Мустафа Фазыл-паша был колоритнейшей фигурой того времени. Потомок египетского хедива[53] Магомета-Али, того самого, чье восстание в царствование Махмуда II чуть не кончилось гибелью для Оттоманской империи, владелец колоссальных феодальных поместий и вместе с тем крупнейший промышленник Египта, так как ему принадлежал там ряд недавно построенных сахарных заводов, он представлял собой типичного фрондирующего вельможу. Состоя в 1865 году председателем Высшего финансового совета, он имел сильные трения с Али и Фуадом, в результате чего вынужден был уйти в отставку. Ущемленный в своем самолюбии, он уехал за границу, откуда решил предпринять борьбу с правительством Высокой Порты.
К этому времени, вследствие изменения порядка престолонаследия в Египте, он лишился права на хедиват, за что получил крупнейшую денежную компенсацию – 4 млн. английских фунтов.
Поселившись в Париже, он опубликовал во французской прессе ряд писем к султану Абдул-Азису, обвиняя последнего в том, что он ведет Турцию к гибели.
Эти письма заинтересовали членов Общества новых османцев. Кемаль и некто Садуллах перевели их на турецкий язык, тайно отпечатали с помощью Жана Пьетри в типографии «Courrier d'Orient» на Перá, и начали нелегально распространять среди чиновников, офицеров и молодежи.
Со своей стороны Мустафа Фазыл-паша также начал искать сближения с младотурками.
Узнав о намерении правительства удалить Зия-бея и Намык Кемаля из столицы, он поспешил завязать с ними сношения и предложил им выехать за границу.

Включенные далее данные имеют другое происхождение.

lemma dyadic_bracket_recurrence_le_geometric:
  assumes "\<And>k. dyadic (T k)" and "\<And>k. R k < T k" and "\<And>k. T k < 2 * R k"
    and "\<And>k. R (Suc k) = T k - R k"
  shows "T k \<le> T 0 / 2 ^ k"
proof -
  have "T (Suc k) < T k" for k
    using assms(2-4)[of k] assms(3)[of "Suc k"] by linarith
  with assms(1) show ?thesis
    by (rule dyadic_decreasing_le_geometric)
qed

lemma convergent_if_dist_Suc_le_geometric:
  fixes X :: "nat \<Rightarrow> 'a::banach"
  assumes "\<And>k. dist (X (Suc k)) (X k) \<le> C / 2 ^ k"
  shows "convergent X"
proof -
  have "summable (\<lambda>k. C * (1 / 2) ^ k :: real)"
    by (intro summable_mult summable_geometric) simp
  then have "summable (\<lambda>k. C / 2 ^ k :: real)"
    by (simp add: power_one_over)
  then have "summable (\<lambda>k. X (Suc k) - X k)"
    by (rule summable_comparison_test') (use assms in \<open>simp add: dist_norm\<close>)
  then have "(\<lambda>n. \<Sum>k<n. X (Suc k) - X k) \<longlonglongrightarrow> suminf (\<lambda>k. X (Suc k) - X k)"
    by (rule summable_LIMSEQ)
  then have "(\<lambda>n. (X n - X 0) + X 0) \<longlonglongrightarrow> suminf (\<lambda>k. X (Suc k) - X k) + X 0"
    unfolding sum_lessThan_telescope by (intro tendsto_add tendsto_const)
  then show ?thesis
    unfolding convergent_def by auto
qed

lemma ls_state_0 [simp]: "ls_state f c1 c2 x d 0 = (0, \<infinity>, 1)"
  by (simp add: ls_state_def)

lemma ls_state_Suc:
  "ls_state f c1 c2 x d (Suc m) = ls_step f c1 c2 x d (ls_state f c1 c2 x d m)"
  by (simp add: ls_state_def)

lemma ls_trial_doubling:
  assumes "\<And>m. m < K \<Longrightarrow> armijo f c1 x d (2 ^ m) \<and> \<not> wolfe f c2 x d (2 ^ m)"
    and "m \<le> K"
  shows "ls_trial f c1 c2 x d m = 2 ^ m"
proof -
  have "\<exists>\<alpha>. ls_state f c1 c2 x d m = (\<alpha>, \<infinity>, 2 ^ m)"
    using \<open>m \<le> K\<close>
  proof (induction m)
    case (Suc m)
    then obtain \<alpha> where "ls_state f c1 c2 x d m = (\<alpha>, \<infinity>, 2 ^ m)" by auto
    with assms(1)[of m] Suc.prems show ?case by (simp add: ls_state_Suc ls_step_def)
  qed simp
  then show ?thesis by (auto simp: ls_trial_def)
qed
(* In $TTR$, if $A$ is a $\perp$-type and $A\subseteq B$, then $B$ is a $\perp$-type.
   Context: $TTR$ types: over a second-order language with first-order variables, function symbols, $n$-ary predicate variables and symbols, and a fixed system $\mathbf E$ of equations; atomic $\perp$ and $X(t_1,\dots,t_n)$; constructors $\to$, $\forall x$, $\forall X$, and $\mu Cx_1\dots x_nA\langle t_1,\dots,t_n\rangle$ for $C$ an $n$-ary predicate symbol occurring and positive in $A$. Subtyping $\subseteq$ is generated by: reflexivity; $A\subseteq A',B\subseteq B'\Rightarrow A'\to B\subseteq A\to B'$; $A[G/v]\subseteq B\Rightarrow\forall vA\subseteq B$ ($G$ a term or formula as appropriate); $A\subseteq B\Rightarrow A\subseteq\forall vB$ ($v$ not free in $A$); $A\subseteq B[v/y]\Rightarrow A\subseteq B[w/y]$ for $v=w$ an instance of an equation of $\mathbf E$; transitivity; $D[\mu C\bar xD\langle\bar z\rangle/C(\bar z)][\bar t/\bar x]\subseteq\mu C\bar xD\langle\bar t\rangle$ and its converse; $D[E/C(\bar x)]\subseteq E\Rightarrow\mu C\bar xD\langle\bar t\rangle\subseteq E[\bar t/\bar x]$. $\perp$-types: $\perp$ is a $\perp$-type; if $A$ is a $\perp$-type then $B\to A$ (any type $B$), $\forall vA$ (any variable $v$), and $\mu Cx_1\dots x_nA\langle t_1,\dots,t_n\rangle$ ($C$ an $n$-ary predicate symbol occurring and positive in $A$) are $\perp$-types. *)

theory Defs
  imports Main
begin
lemma integrable_L1norm_le_of_AE_tendsto:
  assumes f: "\<And>k. integrable M (f k)" and g: "g \<in> borel_measurable M"
    and lim: "AE w in M. (\<lambda>k. f k w) \<longlonglongrightarrow> g w" and B: "\<And>k. L1norm M (f k) \<le> B"
  shows "integrable M g \<and> L1norm M g \<le> B"
proof -
  have "(\<integral>\<^sup>+w. ennreal \<bar>g w\<bar> \<partial>M) = (\<integral>\<^sup>+w. liminf (\<lambda>k. ennreal \<bar>f k w\<bar>) \<partial>M)"
    using lim by (intro nn_integral_cong_AE, eventually_elim)
      (rule lim_imp_Liminf[symmetric], auto intro: tendsto_rabs)
  also have "\<dots> \<le> liminf (\<lambda>k. \<integral>\<^sup>+w. ennreal \<bar>f k w\<bar> \<partial>M)"
    using f by (intro nn_integral_liminf) auto
  also have "\<dots> \<le> liminf (\<lambda>k. ennreal B)"
    using B f by (intro Liminf_mono always_eventually) (simp add: L1norm_nn_integral ennreal_leI)
  also have "\<dots> = ennreal B" by (simp add: Liminf_const)
  finally have nn: "(\<integral>\<^sup>+w. ennreal \<bar>g w\<bar> \<partial>M) \<le> ennreal B" .
  then have ig: "integrable M g"
    using g by (intro integrableI_bounded) (auto simp: top.not_eq_extremum intro: le_less_trans)
  moreover have "0 \<le> B" using B[of 0] L1norm_nonneg[of M "f 0"] by simp
  ultimately show ?thesis using nn by (simp add: L1norm_nn_integral)
qed

lemma L1norm_Brezis_Lieb:
  assumes f: "\<And>n. integrable M (f n)" and f0: "integrable M f0"
    and lim: "AE w in M. (\<lambda>n. f n w) \<longlonglongrightarrow> f0 w" and g: "integrable M g"
  shows "(\<lambda>n. L1norm M (\<lambda>w. g w + (f n w - f0 w)) - L1norm M (\<lambda>w. f n w - f0 w)) \<longlonglongrightarrow> L1norm M g"
proof -
  have eq: "L1norm M (\<lambda>w. g w + (f n w - f0 w)) - L1norm M (\<lambda>w. f n w - f0 w)
      = (\<integral>w. \<bar>g w + (f n w - f0 w)\<bar> - \<bar>f n w - f0 w\<bar> \<partial>M)" for n
    unfolding L1norm_def using f f0 g by (intro Bochner_Integration.integral_diff[symmetric]) auto
  have "(\<lambda>n. \<integral>w. \<bar>g w + (f n w - f0 w)\<bar> - \<bar>f n w - f0 w\<bar> \<partial>M) \<longlonglongrightarrow> (\<integral>w. \<bar>g w\<bar> \<partial>M)"
  proof (rule integral_dominated_convergence[where w="\<lambda>w. \<bar>g w\<bar>"])
    show "AE w in M. (\<lambda>n. \<bar>g w + (f n w - f0 w)\<bar> - \<bar>f n w - f0 w\<bar>) \<longlonglongrightarrow> \<bar>g w\<bar>"
      using lim
    proof eventually_elim
      case (elim w)
      then have "(\<lambda>n. f n w - f0 w) \<longlonglongrightarrow> 0" by (simp add: LIM_zero)
      then have "(\<lambda>n. \<bar>g w + (f n w - f0 w)\<bar> - \<bar>f n w - f0 w\<bar>) \<longlonglongrightarrow> \<bar>g w + 0\<bar> - \<bar>0\<bar>"
        by (intro tendsto_intros)
      then show ?case by simp
    qed
  qed (use f f0 g in auto)
  then show ?thesis by (simp only: eq L1norm_def[of M g])
qed
section \<open>Ideals with the Baire property\<close>

lemma
  assumes "is_ideal \<I>"
  shows is_ideal_subset: "A \<in> \<I> \<Longrightarrow> B \<subseteq> A \<Longrightarrow> B \<in> \<I>"
    and is_ideal_Un: "A \<in> \<I> \<Longrightarrow> B \<in> \<I> \<Longrightarrow> A \<union> B \<in> \<I>"
    and is_ideal_finite: "finite A \<Longrightarrow> A \<in> \<I>"
    and is_ideal_UNIV: "UNIV \<notin> \<I>"
  using assms unfolding is_ideal_def by simp_all

definition flip_from :: "nat \<Rightarrow> (nat \<Rightarrow> bool) \<Rightarrow> nat \<Rightarrow> bool" where
  "flip_from N f n = (if n < N then f n else \<not> f n)"

lemma flip_from_flip_from [simp]: "flip_from N (flip_from N f) = f"
  by (simp add: flip_from_def fun_eq_iff)

lemma homeomorphic_map_flip_from: "homeomorphic_map cantor_space cantor_space (flip_from N)"
proof (rule homeomorphic_map_involution)
  show "continuous_map cantor_space cantor_space (flip_from N)"
    using continuous_map_cantor_pointwise[of "\<lambda>n b. if n < N then b else \<not> b"]
    by (simp add: flip_from_def[abs_def])
qed simp

lemma flip_from_ideal_notin_ideal:
  assumes "is_ideal \<I>" "A \<in> \<I>" "B \<in> \<I>"
  shows "flip_from N (\<lambda>n. n \<in> A) \<noteq> (\<lambda>n. n \<in> B)"
proof
  assume flip: "flip_from N (\<lambda>n. n \<in> A) = (\<lambda>n. n \<in> B)"
  have "n \<in> A \<union> B \<union> {..<N}" for n
    using fun_cong[OF flip, of n] by (auto simp: flip_from_def split: if_splits)
  then have "A \<union> B \<union> {..<N} = UNIV"
    by blast
  moreover have "A \<union> B \<union> {..<N} \<in> \<I>"
    using is_ideal_Un[OF assms(1) is_ideal_Un[OF assms] is_ideal_finite[OF assms(1)]] by simp
  ultimately show False
    using is_ideal_UNIV[OF assms(1)] by simp
qed

lemma cylinder_subset_flip_from_image:
  assumes "is_ideal \<I>"
  defines "J \<equiv> (\<lambda>A n. n \<in> A) ` \<I>"
  shows "cylinder UNIV y N \<subseteq> (cylinder UNIV y N - J) \<union> flip_from N ` (cylinder UNIV y N - J)"
proof
  fix f assume f: "f \<in> cylinder UNIV y N"
  have flip_f: "flip_from N f \<in> cylinder UNIV y N"
    using f by (simp add: cylinder_def flip_from_def)
  show "f \<in> (cylinder UNIV y N - J) \<union> flip_from N ` (cylinder UNIV y N - J)"
  proof (cases "f \<in> J")
    case True
    then have "flip_from N f \<notin> J"
      using flip_from_ideal_notin_ideal[OF assms(1)] by (auto simp: J_def)
    then have "flip_from N (flip_from N f) \<in> flip_from N ` (cylinder UNIV y N - J)"
      using flip_f by blast
    then show ?thesis
      by simp
  qed (use f in blast)
qed

lemma ideal_meager_in_cantor_space:
  assumes \<I>: "is_ideal \<I>" and Baire: "ideal_has_Baire_property \<I>"
  shows "meager_in cantor_space ((\<lambda>A n. n \<in> A) ` \<I>)"
proof -
  let ?J = "(\<lambda>A n. n \<in> A) ` \<I>"
  obtain U where U: "openin cantor_space U" "meager_in cantor_space ((?J - U) \<union> (U - ?J))"
    using Baire unfolding ideal_has_Baire_property_def has_Baire_property_in_def by meson
  show ?thesis
  proof (cases "U = {}")
    case True
    then show ?thesis
      using U(2) by simp
  next
    case False
    then obtain y where "y \<in> U"
      by blast
    then obtain N where N: "cylinder UNIV y N \<subseteq> U"
      using U(1) cantor_cylinder_subset_openin by metis
    let ?Z = "cylinder UNIV y N"
    have M: "meager_in cantor_space (?Z - ?J)"
      using U(2) by (rule meager_in_subset) (use N in blast)
    have "?Z \<subseteq> (?Z - ?J) \<union> flip_from N ` (?Z - ?J)"
      by (rule cylinder_subset_flip_from_image[OF \<I>])
    moreover have "meager_in cantor_space ((?Z - ?J) \<union> flip_from N ` (?Z - ?J))"
      using meager_in_Un[OF M meager_in_homeomorphic_image[OF homeomorphic_map_flip_from M]] .
    ultimately have "meager_in cantor_space ?Z"
      by (rule meager_in_subset[rotated])
    then have "?Z = {}"
      using openin_meager_in_empty openin_cantor_cylinder cantor_space_locally_compact_regular
      by metis
    moreover have "y \<in> ?Z"
      by (simp add: cylinder_def)
    ultimately show ?thesis
      by simp
  qed
qed

section \<open>Talagrand's characterization of meager ideals\<close>

definition avoiding_block :: "(nat \<Rightarrow> bool) set \<Rightarrow> nat \<Rightarrow> nat \<Rightarrow> bool" where
  "avoiding_block G n m \<longleftrightarrow> n < m \<and> (\<forall>s. (\<forall>i\<ge>n. \<not> s i) \<longrightarrow>
     (\<exists>u. (\<forall>i. u i \<longrightarrow> n \<le> i \<and> i < m) \<and> cylinder UNIV (\<lambda>i. s i \<or> u i) m \<inter> G = {}))"
(* Let $N\geq 1$, $q=2^N$, let $\pi$ be a permutation of $\{0,1,\ldots,q-1\}$, and let $(I,F_\pi,\lambda)$ be the rotated odometer $F_\pi=\mathfrak{a}\circ R_\pi$ on $I=[0,1)$ with Lebesgue measure $\lambda$. Then there exists an automorphism $\widetilde F_\pi\in Aut(T_N)$ of the grafted binary tree $T_N$ and a measurable isomorphism $$\phi:(I,F_\pi,\lambda)\to(\partial T_N,\widetilde F_\pi,\mu_N)$$ such that $\widetilde F_\pi\circ\phi=\phi\circ F_\pi$, where $\widetilde F_\pi$ also denotes the homeomorphism of $\partial T_N$ induced by the automorphism.
   Context: The von Neumann–Kakutani map $\mathfrak{a}:[0,1)\to[0,1)$ is $\mathfrak{a}(x)=x-(1-3\cdot 2^{-n})$ if $x\in[1-2^{1-n},1-2^{-n})$, $n\geq1$. For $q\in\mathbb{N}$ divide $I=[0,1)$ into the $q$ half-open intervals $[k/q,(k+1)/q)$, $0\le k<q$; for a permutation $\pi$ of $q$ symbols, $R_\pi:I\to I$ is the interval exchange translating $[k/q,(k+1)/q)$ onto $[\pi(k)/q,(\pi(k)+1)/q)$. The rotated odometer is $F_\pi=\mathfrak{a}\circ R_\pi$. The grafted binary tree $T_N$ has vertex set $V=\bigsqcup_{i\ge0}V_i$ with $|V_0|=1$ (the root), $|V_1|=2^N$, $|V_i|=2^{N+i-1}$ for $i\ge2$; the root is joined by edges to all $2^N$ vertices of $V_1$, and for $i\ge1$ each vertex of $V_i$ is joined to exactly two vertices of $V_{i+1}$ and exactly one of $V_{i-1}$. Vertices of $V_1$ are labelled by $\{0,\ldots,2^N-1\}$, and the two children of the vertex $w_1\cdots w_i$ are $w_1\cdots w_i0$ and $w_1\cdots w_i1$. The boundary is $\partial T_N=\{0,\ldots,2^N-1\}\times\prod_{i\ge2}\{0,1\}$ (infinite paths from the root), with product topology (a Cantor set). An automorphism of $T_N$ is a bijection of vertices (and edges) preserving adjacency (hence levels); $Aut(T_N)$ is the group of these, and each induces a homeomorphism of $\partial T_N$. The Bernoulli measure $\mu_N$ on $\partial T_N$ gives each cylinder $[w_1\cdots w_i]$ (paths beginning with $w_1\cdots w_i$) mass $2^{-N-i+1}$. *)

theory Defs
  imports "HOL-Analysis.Analysis" "HOL-Combinatorics.Permutations"
begin

text \<open>For x in [0,1), the unique n \<ge> 1 with x in [1 - 2^(1-n), 1 - 2^(-n)) is the least
  n \<ge> 1 with x < 1 - 2^(-n).\<close>
definition vnk_index :: "real \<Rightarrow> nat" where
  "vnk_index x = (LEAST n. n \<ge> 1 \<and> x < 1 - 1 / 2 ^ n)"

definition vnk :: "real \<Rightarrow> real" where
  "vnk x = x - (1 - 3 / 2 ^ vnk_index x)"

definition iet :: "nat \<Rightarrow> (nat \<Rightarrow> nat) \<Rightarrow> real \<Rightarrow> real" where
  "iet q \<pi> x = (let k = nat \<lfloor>real q * x\<rfloor> in x + (real (\<pi> k) - real k) / real q)"

definition rot_odometer :: "nat \<Rightarrow> (nat \<Rightarrow> nat) \<Rightarrow> real \<Rightarrow> real" where
  "rot_odometer q \<pi> = vnk \<circ> iet q \<pi>"

definition leb_I :: "real measure" where
  "leb_I = restrict_space lborel {0..<1}"
(* Let $S$ be a closed densely defined symmetric operator in a separable Hilbert space $\mathfrak H$ with equal nonzero defect numbers. Then $S$ is a Phillips symmetric operator if and only if $$\mathfrak N_\lambda\subset \mathcal D(S)\dotplus \mathfrak N_\mu\quad\text{for all }\lambda,\mu\in\mathbb C_+ .$$
   Context: $\mathbb C_\pm$ denote the open upper/lower half planes. For a closed densely defined symmetric operator $S$ in $\mathfrak H$, $\mathfrak N_\lambda=\ker(S^*-\lambda I)$, $\lambda\in\mathbb C\setminus\mathbb R$, are its defect subspaces, and its defect numbers are $\langle\dim\mathfrak N_i,\dim\mathfrak N_{-i}\rangle$; $\dotplus$ denotes a (non-orthogonal) direct sum. A boundary triplet of $S^*$ is $(\mathcal H,\Gamma_-,\Gamma_+)$, where $\mathcal H$ is a Hilbert space and $\Gamma_\pm:\mathcal D(S^* )\to\mathcal H$ are linear maps with $(S^*f,g)-(f,S^*g)=i[(\Gamma_+f,\Gamma_+g)_{\mathcal H}-(\Gamma_-f,\Gamma_-g)_{\mathcal H}]$ for all $f,g\in\mathcal D(S^* )$ and $(\Gamma_-,\Gamma_+):\mathcal D(S^* )\to\mathcal H\oplus\mathcal H$ surjective. For $\lambda\in\mathbb C_+$ let $A_\lambda=S^*\upharpoonright_{\mathcal D(S)\dotplus\mathfrak N_\lambda}$; there is a bounded operator $\Theta(\lambda)$ in $\mathcal H$ such that $\mathcal D(A_\lambda)=\{f\in\mathcal D(S^* ):\Theta(\lambda)\Gamma_+f=\Gamma_-f\}$; $\Theta(\cdot)$ is called the characteristic function of $S$ associated with the triplet. A closed densely defined symmetric operator with equal nonzero defect numbers is called a Phillips symmetric operator (PSO) if its characteristic function is constant on $\mathbb C_+$ (this property does not depend on the choice of boundary triplet). *)

theory Defs
  imports "HOL-Analysis.Analysis"
begin
(* Let $\hat{x}$ be the final value of the vector $x$ in Algorithm 1 and let $OPT$ be a set maximizing $f$ among subsets of $N$ of size at most $k$. If $\|\hat{x}\|_1<k$, then $F(\hat{x}+\mathbf{1}_{OPT\setminus\mathrm{supp}(\hat{x})})\le F(\hat{x})+c\tau$.
   Context: Setting: finite ground set $N$ whose elements arrive one at a time in a stream, non-negative submodular $f\colon 2^N\to\mathbb{R}_{\ge 0}$, positive integer $k$. $\mathbf{1}_A$ is the characteristic vector of $A$. $F$ is the multilinear extension of $f$: $F(x)=\sum_{A\subseteq N} f(A)\prod_{u\in A}x_u\prod_{u\notin A}(1-x_u)$ for $x\in[0,1]^N$, and $\partial_uF(x)=F(x\vee \mathbf{1}_u)-F(x\wedge\mathbf{1}_{N\setminus\{u\}})$ (coordinatewise max/min). $\mathrm{supp}(x)=\{u: x_u>0\}$. Algorithm 1 has parameters $p\in(0,1)$, $c>0$, $\alpha\in(0,1]$ and a number $\tau$. It starts with $x=\mathbf{0}$, and when an element $u$ arrives, if $\partial_uF(x)\ge c\tau/k$ it sets $x\leftarrow x+\min\{p,\,k-\|x\|_1\}\cdot\mathbf{1}_u$ (otherwise $x$ is unchanged). After the stream ends, it computes a random set $S_1$ with $|S_1|\le k$ and $\mathbb{E}[f(S_1)]\ge F(x)$, and a random set $S_2\subseteq\mathrm{supp}(x)$ with $|S_2|\le k$ and $\mathbb{E}[f(S_2)]\ge\alpha\cdot\max_{S\subseteq\mathrm{supp}(x),|S|\le k}f(S)$, and outputs the better of $S_1,S_2$. *)

theory Defs
  imports Complex_Main "HOL-Library.Indicator_Function"
begin

definition submodular_on :: "'a set \<Rightarrow> ('a set \<Rightarrow> real) \<Rightarrow> bool" where
  "submodular_on N f \<longleftrightarrow>
     (\<forall>A B. A \<subseteq> N \<longrightarrow> B \<subseteq> N \<longrightarrow> f (A \<union> B) + f (A \<inter> B) \<le> f A + f B)"

definition multilinear_ext :: "'a set \<Rightarrow> ('a set \<Rightarrow> real) \<Rightarrow> ('a \<Rightarrow> real) \<Rightarrow> real" where
  "multilinear_ext N f x =
     (\<Sum>A\<in>Pow N. f A * (\<Prod>u\<in>A. x u) * (\<Prod>u\<in>N - A. 1 - x u))"

definition partial_F :: "'a set \<Rightarrow> ('a set \<Rightarrow> real) \<Rightarrow> ('a \<Rightarrow> real) \<Rightarrow> 'a \<Rightarrow> real" where
  "partial_F N f x u =
     multilinear_ext N f (sup x (indicator {u})) - multilinear_ext N f (inf x (indicator (N - {u})))"

definition norm1 :: "'a set \<Rightarrow> ('a \<Rightarrow> real) \<Rightarrow> real" where
  "norm1 N x = (\<Sum>u\<in>N. \<bar>x u\<bar>)"

definition supp :: "'a set \<Rightarrow> ('a \<Rightarrow> real) \<Rightarrow> 'a set" where
  "supp N x = {u \<in> N. x u > 0}"

definition alg1_step :: "'a set \<Rightarrow> ('a set \<Rightarrow> real) \<Rightarrow> nat \<Rightarrow> real \<Rightarrow> real \<Rightarrow> real
    \<Rightarrow> ('a \<Rightarrow> real) \<Rightarrow> 'a \<Rightarrow> ('a \<Rightarrow> real)" where
  "alg1_step N f k p c \<tau> x u =
     (if partial_F N f x u \<ge> c * \<tau> / real k
      then (\<lambda>v. x v + min p (real k - norm1 N x) * indicator {u} v)
      else x)"

definition alg1_x :: "'a set \<Rightarrow> ('a set \<Rightarrow> real) \<Rightarrow> nat \<Rightarrow> real \<Rightarrow> real \<Rightarrow> real
    \<Rightarrow> 'a list \<Rightarrow> ('a \<Rightarrow> real)" where
  "alg1_x N f k p c \<tau> stream = foldl (alg1_step N f k p c \<tau>) (\<lambda>_. 0) stream"

end

theory Submission
  imports Defs
begin

text \<open>Every u in OPT \ supp x was rejected on arrival: as the final norm is below k, accepting u
would have made its coordinate positive. Hence the partial derivative in direction u was below
c \<tau> / k at the vector current at that time, which lies below the final x. Submodularity makes the
partial derivatives of F antitone (the multilinear extension of an antitone set function is
antitone), so they are below c \<tau> / k at x as well. Raising the coordinates of OPT \ supp x to 1
one at a time, each increment of F is bounded, again by antitonicity, by the partial derivative at x,
and there are at most k of them.\<close>

lemma sum_Pow_insert:
  assumes "finite M" "v \<notin> M"
  shows "(\<Sum>A\<in>Pow (insert v M). g A) = (\<Sum>A\<in>Pow M. g A + g (insert v A))"
proof -
  have "inj_on (insert v) (Pow M)"
    using assms(2) by (intro inj_onI) (metis PowD Diff_insert_absorb subsetD)
  moreover have "Pow M \<inter> insert v ` Pow M = {}"
    using assms(2) by auto
  ultimately show ?thesis
    unfolding Pow_insert using assms(1)
    by (simp add: sum.union_disjoint sum.reindex sum.distrib)
qed

lemma multilinear_ext_cong:
  assumes "\<And>u. u \<in> N \<Longrightarrow> x u = y u"
  shows "multilinear_ext N f x = multilinear_ext N f y"
  unfolding multilinear_ext_def
  by (intro sum.cong refl arg_cong2[where f = "(*)"] arg_cong[where f = "(*) _"] prod.cong)
     (use assms in auto)

lemma multilinear_ext_insert:
  assumes "finite M" "v \<notin> M"
  shows "multilinear_ext (insert v M) f x =
         multilinear_ext M (\<lambda>A. (1 - x v) * f A + x v * f (insert v A)) x"
  unfolding multilinear_ext_def sum_Pow_insert[OF assms]
proof (rule sum.cong[OF refl])
  fix A assume "A \<in> Pow M"
  then have A: "A \<subseteq> M" "finite A" "v \<notin> A" using assms finite_subset by auto
  have "insert v M - A = insert v (M - A)" "insert v M - insert v A = M - A"
    using A assms(2) by auto
  then show "f A * prod x A * (\<Prod>u\<in>insert v M - A. 1 - x u)
      + f (insert v A) * prod x (insert v A) * (\<Prod>u\<in>insert v M - insert v A. 1 - x u)
    = ((1 - x v) * f A + x v * f (insert v A)) * prod x A * (\<Prod>u\<in>M - A. 1 - x u)"
    using A assms by (simp add: algebra_simps)
qed

lemma multilinear_ext_diff:
  "multilinear_ext N g x - multilinear_ext N h x = multilinear_ext N (\<lambda>A. g A - h A) x"
  unfolding multilinear_ext_def by (simp add: sum_subtractf[symmetric] algebra_simps)

lemma multilinear_ext_mono_fun:
  assumes "\<And>A. A \<subseteq> N \<Longrightarrow> g A \<le> h A" "\<And>u. u \<in> N \<Longrightarrow> 0 \<le> x u \<and> x u \<le> 1"
  shows "multilinear_ext N g x \<le> multilinear_ext N h x"
  unfolding multilinear_ext_def mult.assoc
  using assms by (intro sum_mono mult_right_mono mult_nonneg_nonneg prod_nonneg) auto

Сообщение о назначении Зии на Кипр, а Намыка в Эрзерум появилось в официальной газете 11 марта 1867 года, а 19 дней спустя оба они получили записки с приглашением явиться в редакцию «Courrier d'Orient».
Это приглашение было подписано итальянцем Сакакини – директором египетского сахарного завода Мустафа Фазыл-паши.
Когда Зия прибыл в редакцию, он нашел там Сакакини и Жана Пьетри. Они разговорились, но о цели приглашения не было сказано ни слова. Ждали Намык Кемаля. Наконец появился и он. До этого времени он и Зия знали друг друга очень мало, главным образом по наслышке, да изредка встречаясь на некоторых собраниях Общества. Дружба, связавшая их затем на долгие годы, началась здесь, в редакции французской газеты, в результате приглашения египетского паши, обращенного к ним обоим.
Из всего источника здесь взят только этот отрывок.